The clear definition and separation of the objects that form the architecture, help to choose
where and how to implement the distribution without changing the implementation done so far.
The presented solution for distribution of ANN objects opens several application possibilities. It is possible to develop applications where it is necessary to migrate the ANN code to perform artificial intelligent tasks on remote machines such as classification, forecasting and clustering. Imagine having an ANN in each computer where customer classification shall be accomplished in real-time. A previously trained ANN could be sent to each machine whenever necessary and be autonomously evaluating the input data. Other tasks in different application areas such as computer networks management could also be implemented like: making intelligent routing of messages or intelligent control of the network resources.

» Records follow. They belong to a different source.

lemma ginvK_sym:
  assumes cs: "cartan_structure U K" and z: "z \<in> T0 U"
  shows "ginvK K i j z = ginvK K j i z"
proof -
  have "pd (pd K (dpv j)) (dpv i) z = pd (pd K (dpv i)) (dpv j) z"
    by (rule pd_pd_commute[OF cartan_open_T0[OF cs] z]) (use cartan_differentiable[OF cs] z in auto)
  then show ?thesis using ginvK_eq[OF cs z, of i j] ginvK_eq[OF cs z, of j i] by simp
qed

lemma snd_eq_sum_dpv: "((0::real^'n::finite), p) = (\<Sum>j\<in>UNIV. p $ j *\<^sub>R dpv j)"
proof -
  have "(\<Sum>j\<in>UNIV. p $ j *\<^sub>R (axis j 1 :: real^'n)) = p"
    by (simp add: vec_eq_iff axis_def if_distrib cong: if_cong)
  then show ?thesis by (simp add: prod_eq_iff fst_sum snd_sum dpv_def)
qed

However, the performance results of the CANN distribution solution do not encourage its usage in a production environment. The time for performing the ANN learning and testing on the remote machines were significantly worse than the time spent when running on the local machine, which makes the distribution environment inefficient and inapplicable at this stage.
Additional tests should be conducted to verify the behavior of distributed applications when using some other technology. An evaluation of the achieved results in this experiment also depends on the application in question, which could be considered appropriate for one application but unreliable for another application. Furthermore, this experiment is concerned with providing an idea about the time, memory and computer resources someone could expect to use when building a system in a similar environment, and not to make a judgment about the appropriateness of time, memory or processing capacity. Such a judgment is beyond the scope of this experiment and is relative to each particular application.
Some parallel systems permit the load balancing among the participating CPUs (for example Cray systems). This is certainly an important feature to be implemented by the ORB when being used to implement CPU critical applications such as distributed ANN learning.
With such a feature the CPU usage could be better tuned for each hardware involved in the processing and better results could be reached.
Another point to discuss is the number of agents running simultaneously on the same machine. Tests with more than two agents running simultaneously on the same machine were not performed because the scope of this work is to investigate the performance of the
distributed application among several computers, and not to investigate the performance of the computers when running several applications simultaneously.
Additional topics that could be considered in future work include:
• Implementation of different distribution solutions for each of the considered ANN models.
• Adding knowledge representation and communication features to the object agents using for example knowledge communication languages, such as DAML (The DARPA Agent Markup Language - www.daml.org). Agent implementation and communication is not explored here, even though the mobile ANN components are implemented as mobile agents.
• Experiment with other distributed Java development environments such as Aglets (Aglets SDK, IBM 2000) or Sumatra (The Sumatra Project, Arizona University).
6 O p t i m i z a t i o n s o f t h e C o m b i n a t o r i a l N e u r a l M o d e l
The CNM model is explained in detail in Chapter 2. Along this work, complementary information about its implementation on the CANN framework is provided. The implementation of the CANN CNM component core construction principles is explained in Chapter 3 and a parallel solution is presented in Chapter 4. Besides implementing parallelism specific to the CNM model, this work dedicated to introduce and implement significant optimizations for its algorithm. This chapter presents the optimizations and empiric results of its application. The most important optimization aims at taming combinatorial explosion, which is the main problem inherent to this model.